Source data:
↓
(* Let $t$ be a term such that $t\to_h^{(b,e,m)}u$ with $u\in\mathcal{M}$ (a head-reduction sequence with exactly $b$ steps of kind (b), $e$ steps of kind (e) and $m$ steps of kind (m)). Then there exists a tight derivation $\Phi\triangleright\Gamma\vdash^{(b,e,m,|u|)}t:\mathtt{t}$ in system $\mathscr{E}$, for some context $\Gamma$ and tight type $\mathtt{t}$.
   Context: Pair pattern calculus: patterns $p,q ::= x\mid\langle p,q\rangle$ (linear); $\mathrm{var}(p)$ = variables of $p$; $p\# q$ means disjoint variables. Terms $t,u ::= x\mid\lambda p.t\mid\langle t,u\rangle\mid t\,u\mid t[p/u]$, $\mathrm{var}(p)$ bound in $t$ in $\lambda p.t$ and $t[p/u]$; $\mathrm{fv}$ as usual; terms modulo $\alpha$. List contexts $L::=\Box\mid L[p/u]$, $L\langle t\rangle$ plugging (possibly capturing), $\mathrm{bv}(L)$ variables bound by $L$; $t\{x/u\}$ capture-avoiding substitution; $\mathrm{abs}(t)$ iff $t=L\langle\lambda p.u\rangle$. Head reduction ($t\not\to_h$: no $u$ with $t\to_h u$): (b) $L\langle\lambda p.t\rangle u\to_h L\langle t[p/u]\rangle$ if $\mathrm{bv}(L)\cap\mathrm{fv}(u)=\emptyset$; (m) $t[\langle p_1,p_2\rangle/L\langle\langle u_1,u_2\rangle\rangle]\to_h L\langle t[p_1/u_1][p_2/u_2]\rangle$ if $t\not\to_h$ and $\mathrm{bv}(L)\cap\mathrm{fv}(t)=\emptyset$; (e) $t[x/u]\to_h t\{x/u\}$ if $t\not\to_h$; closure: $\lambda p.t\to_h\lambda p.t'$ if $t\to_h t'$; $tu\to_h t'u$ if $t\to_h t'$ and not $\mathrm{abs}(t)$; $t[p/u]\to_h t'[p/u]$ if $t\to_h t'$; $t[p/u]\to_h t[p/u']$ if $t\not\to_h$, $p$ not a variable, $u\to_h u'$. The kind of a step is the base rule (b), (e) or (m) it uses. Canonical forms $\mathcal{M} ::= \lambda p.\mathcal{M}\mid\langle t,t\rangle\mid\mathcal{M}[\langle p_1,p_2\rangle/\mathcal{N}]\mid\mathcal{N}$, $\mathcal{N} ::= x\mid\mathcal{N}\,t\mid\mathcal{N}[\langle p_1,p_2\rangle/\mathcal{N}]$, with size $|x|=0$, $|\langle t,u\rangle|=1$, $|\mathcal{N}t|=|\mathcal{N}|+1$, $|\lambda p.\mathcal{M}|=|\mathcal{M}|+1$, $|\mathcal{M}[\langle p_1,p_2\rangle/\mathcal{N}]|=|\mathcal{M}|+|\mathcal{N}|+1$. System $\mathscr{E}$. Types: tight types $\mathtt{t} ::= \bullet_{\mathcal{N}}\mid\bullet_{\mathcal{M}}$; types $\sigma ::= \mathtt{t}\mid \mathcal{A}_1\times\mathcal{A}_2\mid \mathcal{A}\to\sigma$; multi-types $\mathcal{A} ::= [\sigma_k]_{k\in K}$ (finite, possibly empty). Contexts map variables to multi-types, $\mathrm{dom}(\Gamma)$ = variables with non-empty multi-type; $\wedge$ pointwise multiset union; $\Gamma|_p$ restriction to $\mathrm{var}(p)$; $\Gamma\setminus\mathrm{var}(p)$ removal. $\mathrm{tight}(\sigma)$ iff $\sigma\in\{\bullet_{\mathcal{N}},\bullet_{\mathcal{M}}\}$, extended elementwise. Rules: (pat_v) $x:\mathcal{A}\Vdash^{(1,0,0)} x:\mathcal{A}$. (pat_×) from $\Gamma\Vdash^{(e_p,m_p,f_p)}p:\mathcal{A}$, $\Delta\Vdash^{(e_q,m_q,f_q)}q:\mathcal{B}$, $p\#q$ infer $\Gamma\wedge\Delta\Vdash^{(e_p+e_q,1+m_p+m_q,f_p+f_q)}\langle p,q\rangle:[\mathcal{A}\times\mathcal{B}]$. (pat_p) if $\mathrm{dom}(\Gamma)\subseteq\mathrm{var}(\langle p,q\rangle)$ and $\mathrm{tight}(\Gamma)$ then $\Gamma\Vdash^{(0,0,1)}\langle p,q\rangle:[\bullet_{\mathcal{N}}]$. (ax) $x:[\sigma]\vdash^{(0,0,0,0)}x:\sigma$. (abs) from $\Gamma\vdash^{(b,e,m,f)}t:\sigma$ and $\Gamma|_p\Vdash^{(e_p,m_p,f_p)}p:\mathcal{A}$ infer $\Gamma\setminus\mathrm{var}(p)\vdash^{(b+1,e+e_p,m+m_p,f+f_p)}\lambda p.t:\mathcal{A}\to\sigma$. (abs_p) from $\Gamma\vdash^{(b,e,m,f)}t:\mathtt{t}$ ($\mathtt{t}$ tight) and $\mathrm{tight}(\Gamma|_p)$ infer $\Gamma\setminus\mathrm{var}(p)\vdash^{(b,e,m,f+1)}\lambda p.t:\bullet_{\mathcal{M}}$. (many) from $(\Gamma_k\vdash^{(b_k,e_k,m_k,f_k)}t:\sigma_k)_{k\in K}$ infer $\wedge_k\Gamma_k\vdash^{(\sum b_k,\sum e_k,\sum m_k,\sum f_k)}t:[\sigma_k]_{k\in K}$. (app) from $\Gamma\vdash^{(b_t,e_t,m_t,f_t)}t:\mathcal{A}\to\sigma$, $\Delta\vdash^{(b_u,e_u,m_u,f_u)}u:\mathcal{A}$ infer $\Gamma\wedge\Delta\vdash^{(b_t+b_u,e_t+e_u,m_t+m_u,f_t+f_u)}t\,u:\sigma$. (app_p) from $\Gamma\vdash^{(b,e,m,f)}t:\bullet_{\mathcal{N}}$ infer $\Gamma\vdash^{(b,e,m,f+1)}t\,u:\bullet_{\mathcal{N}}$. (pair) from $\Gamma\vdash^{(b_t,e_t,m_t,f_t)}t:\mathcal{A}$, $\Delta\vdash^{(b_u,e_u,m_u,f_u)}u:\mathcal{B}$ infer $\Gamma\wedge\Delta\vdash^{(b_t+b_u,e_t+e_u,m_t+m_u,f_t+f_u)}\langle t,u\rangle:\mathcal{A}\times\mathcal{B}$. (pair_p) $\vdash^{(0,0,0,1)}\langle t,u\rangle:\bullet_{\mathcal{M}}$. (match) from $\Gamma\vdash^{(b_t,e_t,m_t,f_t)}t:\sigma$, $\Gamma|_p\Vdash^{(e_p,m_p,f_p)}p:\mathcal{A}$, $\Delta\vdash^{(b_u,e_u,m_u,f_u)}u:\mathcal{A}$ infer $(\Gamma\setminus\mathrm{var}(p))\wedge\Delta\vdash^{(b_t+b_u,e_t+e_u+e_p,m_t+m_u+m_p,f_t+f_u+f_p)}t[p/u]:\sigma$. A derivation is tight if its context and its type are tight. *)

theory Defs
  imports Main "HOL-Library.Multiset"
begin

text \<open>Pair pattern calculus, terms modulo alpha represented with de Bruijn indices. Convention: under a binder for the pattern PP p q,
  the indices 0 .. nv p - 1 denote the variables of p (recursively, same convention)
  and the indices nv p .. nv p + nv q - 1 denote those of q; larger indices are free
  variables (shifted by nv (PP p q)). Linearity is automatic.\<close>

datatype pat = PV | PP pat pat

fun nv :: "pat \<Rightarrow> nat" where
  "nv PV = 1"
| "nv (PP p q) = nv p + nv q"

text \<open>Sub t p u stands for the explicit matching t[p/u]; the variables of p are bound in t.\<close>
datatype trm = Var nat | Lam pat trm | Pair trm trm | App trm trm | Sub trm pat trm

fun shift :: "nat \<Rightarrow> nat \<Rightarrow> trm \<Rightarrow> trm" where
  "shift k c (Var i) = Var (if i < c then i else i + k)"
| "shift k c (Lam p t) = Lam p (shift k (c + nv p) t)"
| "shift k c (Pair t u) = Pair (shift k c t) (shift k c u)"
| "shift k c (App t u) = App (shift k c t) (shift k c u)"
| "shift k c (Sub t p u) = Sub (shift k (c + nv p) t) p (shift k c u)"

fun subst :: "nat \<Rightarrow> trm \<Rightarrow> trm \<Rightarrow> trm" where
  "subst c s (Var i) = (if i < c then Var i else if i = c then shift c 0 s else Var (i - 1))"
| "subst c s (Lam p t) = Lam p (subst (c + nv p) s t)"
| "subst c s (Pair t u) = Pair (subst c s t) (subst c s u)"
| "subst c s (App t u) = App (subst c s t) (subst c s u)"
| "subst c s (Sub t p u) = Sub (subst (c + nv p) s t) p (subst c s u)"

text \<open>List contexts L ::= Box | L[p/u], as a list with the outermost substitution first.\<close>
type_synonym lctx = "(pat \<times> trm) list"

fun plug :: "lctx \<Rightarrow> trm \<Rightarrow> trm" where
  "plug [] t = t"
| "plug ((p, w) # L) t = Sub (plug L t) p w"

definition nbv :: "lctx \<Rightarrow> nat" where
  "nbv L = sum_list (map (nv \<circ> fst) L)"

definition is_abs :: "trm \<Rightarrow> bool" where
  "is_abs t \<longleftrightarrow> (\<exists>L p s. t = plug L (Lam p s))"

datatype kind = KB | KE | KM
(* Let $f:\mathbb{R}^{2}\to\mathbb{R}$ be smooth and normal, and for $k_{1}\neq0$, $k_{2}\neq0$, $x,y\in\mathbb{R}$ let $F(k_{1},y)=\lim_{r\to\infty}\int_{-r}^{r}f(x,y)e^{-ik_{1}x}\,dx$ and $G(x,k_{2})=\lim_{r\to\infty}\int_{-r}^{r}f(x,y)e^{-ik_{2}y}\,dy$. Then for $k_{1}\neq0$, $k_{2}\neq0$ the integrals $F(k_{1},k_{2})=\int_{-\infty}^{\infty}F(k_{1},y)e^{-ik_{2}y}\,dy$ and $G(k_{1},k_{2})=\int_{-\infty}^{\infty}G(x,k_{2})e^{-ik_{1}x}\,dx$ are well defined, and $F(k_{1},k_{2})=G(k_{1},k_{2})=\lim_{m\to\infty,n\to\infty}\int_{-m}^{m}\int_{-n}^{n}f(x,y)e^{-ik_{1}x}e^{-ik_{2}y}\,dx\,dy.$
   Context: One-variable notions: a smooth $g:\mathbb{R}\setminus V\to\mathbb{R}$, $V\subset\mathbb{R}$ bounded closed, is analytic at infinity if there exist $\epsilon_{1},\epsilon_{2}>0$ such that $g(1/t)=\sum_{n\geq1}a_{n}t^{n}$ for $0<t<\epsilon_{1}$ and $g(1/t)=\sum_{n\geq1}b_{n}t^{n}$ for $-\epsilon_{2}<t<0$, with real coefficients and both power series absolutely convergent on the respective intervals. Two-variable notions: for smooth $f:\mathbb{R}^{2}\to\mathbb{R}$, $f$ is of very moderate decrease if there is $C>0$ with $|f(x,y)|\leq\frac{C}{|(x,y)|}$ for $|(x,y)|>1$, and of moderate decrease if $|f(x,y)|\leq\frac{C}{|(x,y)|^{2}}$ for $|(x,y)|>1$. For fixed $x$ write $f_{x}(y)=f(x,y)$ and for fixed $y$ write $f_{y}(x)=f(x,y)$. $f$ is normal if: (i) for every $x$, $f_{x}$ is analytic at infinity; (ii) for every $y$, $f_{y}$ is analytic at infinity; (iii) $f$ is of very moderate decrease; (iv) $\frac{\partial f}{\partial x}$ and $\frac{\partial f}{\partial y}$ are of moderate decrease; (v) there is a uniform bound on the number of zeros of $f_{x},(f_{x})',(f_{x})''$ and of $f_{y},(f_{y})',(f_{y})''$. *)

theory Defs
  imports "HOL-Analysis.Analysis"
begin
(* Let $G$ be a finite transitive permutation group with point stabiliser $H$, let $p$ be a prime, let $S$ be a Sylow $p$-subgroup of $H$, and let $x\in H$ have order a power of $p$. (i) If $|S^G|>|S^H|^2-|S^H|+1$, then $G$ has a subdegree divisible by $p$. (ii) If $|x^G|>|x^G\cap H|^2-|x^G\cap H|+1$, then $G$ has a subdegree divisible by $p$.
   Context: $S^G$ denotes the set of $G$-conjugates of $S$ (similarly $S^H$, $x^G$). A subdegree is the size of an orbit of a point stabiliser. *)

theory Defs
  imports "HOL-Algebra.Algebra" "HOL-Computational_Algebra.Computational_Algebra"
begin

definition subgroup_conjugates :: "('a, 'b) monoid_scheme \<Rightarrow> 'a set \<Rightarrow> 'a set set" where
  "subgroup_conjugates G S = {g <#\<^bsub>G\<^esub> S #>\<^bsub>G\<^esub> inv\<^bsub>G\<^esub> g | g. g \<in> carrier G}"

definition elem_conjugates :: "('a, 'b) monoid_scheme \<Rightarrow> 'a \<Rightarrow> 'a set" where
  "elem_conjugates G x = {g \<otimes>\<^bsub>G\<^esub> x \<otimes>\<^bsub>G\<^esub> inv\<^bsub>G\<^esub> g | g. g \<in> carrier G}"

definition is_sylow_subgroup :: "('a, 'b) monoid_scheme \<Rightarrow> nat \<Rightarrow> 'a set \<Rightarrow> 'a set \<Rightarrow> bool" where
  "is_sylow_subgroup G p H S \<longleftrightarrow> subgroup S G \<and> S \<subseteq> H \<and> card S = p ^ multiplicity p (card H)"

end

theory Submission
  imports Defs
begin
definition closed_under :: "(nat \<Rightarrow> nat) \<Rightarrow> (nat \<Rightarrow> 'a list \<Rightarrow> 'a) \<Rightarrow> 'a set \<Rightarrow> bool" where
  "closed_under ar I U \<longleftrightarrow> (\<forall>f xs. length xs = ar f \<longrightarrow> set xs \<subseteq> U \<longrightarrow> I f xs \<in> U)"

definition eq_theory :: "(nat \<Rightarrow> nat) \<Rightarrow> (nat \<Rightarrow> 'a list \<Rightarrow> 'a) \<Rightarrow> 'a set \<Rightarrow> (trm \<times> trm) set" where
  "eq_theory ar I U = {(s, t). wf ar s \<and> wf ar t \<and>
     (\<forall>\<rho>. (\<forall>i. \<rho> i \<in> U) \<longrightarrow> eval_trm I \<rho> s = eval_trm I \<rho> t)}"

lemma eval_trm_subst: "eval_trm I \<rho> (subst \<sigma> t) = eval_trm I (\<lambda>i. eval_trm I \<rho> (\<sigma> i)) t"
  by (induction t) (simp_all cong: map_cong)

lemma wf_subst: "wf ar t \<Longrightarrow> (\<And>i. wf ar (\<sigma> i)) \<Longrightarrow> wf ar (subst \<sigma> t)"
  by (induction t) auto

lemma eval_trm_cong: "\<forall>i\<in>vars t. \<rho> i = \<rho>' i \<Longrightarrow> eval_trm I \<rho> t = eval_trm I \<rho>' t"
  by (induction t) (simp_all cong: map_cong)

lemma eval_trm_closed:
  "closed_under ar I U \<Longrightarrow> wf ar t \<Longrightarrow> \<forall>i\<in>vars t. \<rho> i \<in> U \<Longrightarrow> eval_trm I \<rho> t \<in> U"
proof (induction t)
  case (F f ts)
  then have "set (map (eval_trm I \<rho>) ts) \<subseteq> U" by auto
  with F.prems show ?case by (simp add: closed_under_def)
qed simp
↑
▸ Task item:
All lines from the one that contains "set \<Rightarrow> (trm" to the last line above must be given again exactly, with both included and nothing added.

▸ Written solution:
definition eq_theory :: "(nat \<Rightarrow> nat) \<Rightarrow> (nat \<Rightarrow> 'a list \<Rightarrow> 'a) \<Rightarrow> 'a set \<Rightarrow> (trm \<times> trm) set" where
  "eq_theory ar I U = {(s, t). wf ar s \<and> wf ar t \<and>
     (\<forall>\<rho>. (\<forall>i. \<rho> i \<in> U) \<longrightarrow> eval_trm I \<rho> s = eval_trm I \<rho> t)}"

lemma eval_trm_subst: "eval_trm I \<rho> (subst \<sigma> t) = eval_trm I (\<lambda>i. eval_trm I \<rho> (\<sigma> i)) t"
  by (induction t) (simp_all cong: map_cong)

lemma wf_subst: "wf ar t \<Longrightarrow> (\<And>i. wf ar (\<sigma> i)) \<Longrightarrow> wf ar (subst \<sigma> t)"
  by (induction t) auto

lemma eval_trm_cong: "\<forall>i\<in>vars t. \<rho> i = \<rho>' i \<Longrightarrow> eval_trm I \<rho> t = eval_trm I \<rho>' t"
  by (induction t) (simp_all cong: map_cong)

lemma eval_trm_closed:
  "closed_under ar I U \<Longrightarrow> wf ar t \<Longrightarrow> \<forall>i\<in>vars t. \<rho> i \<in> U \<Longrightarrow> eval_trm I \<rho> t \<in> U"
proof (induction t)
  case (F f ts)
  then have "set (map (eval_trm I \<rho>) ts) \<subseteq> U" by auto
  with F.prems show ?case by (simp add: closed_under_def)
qed simp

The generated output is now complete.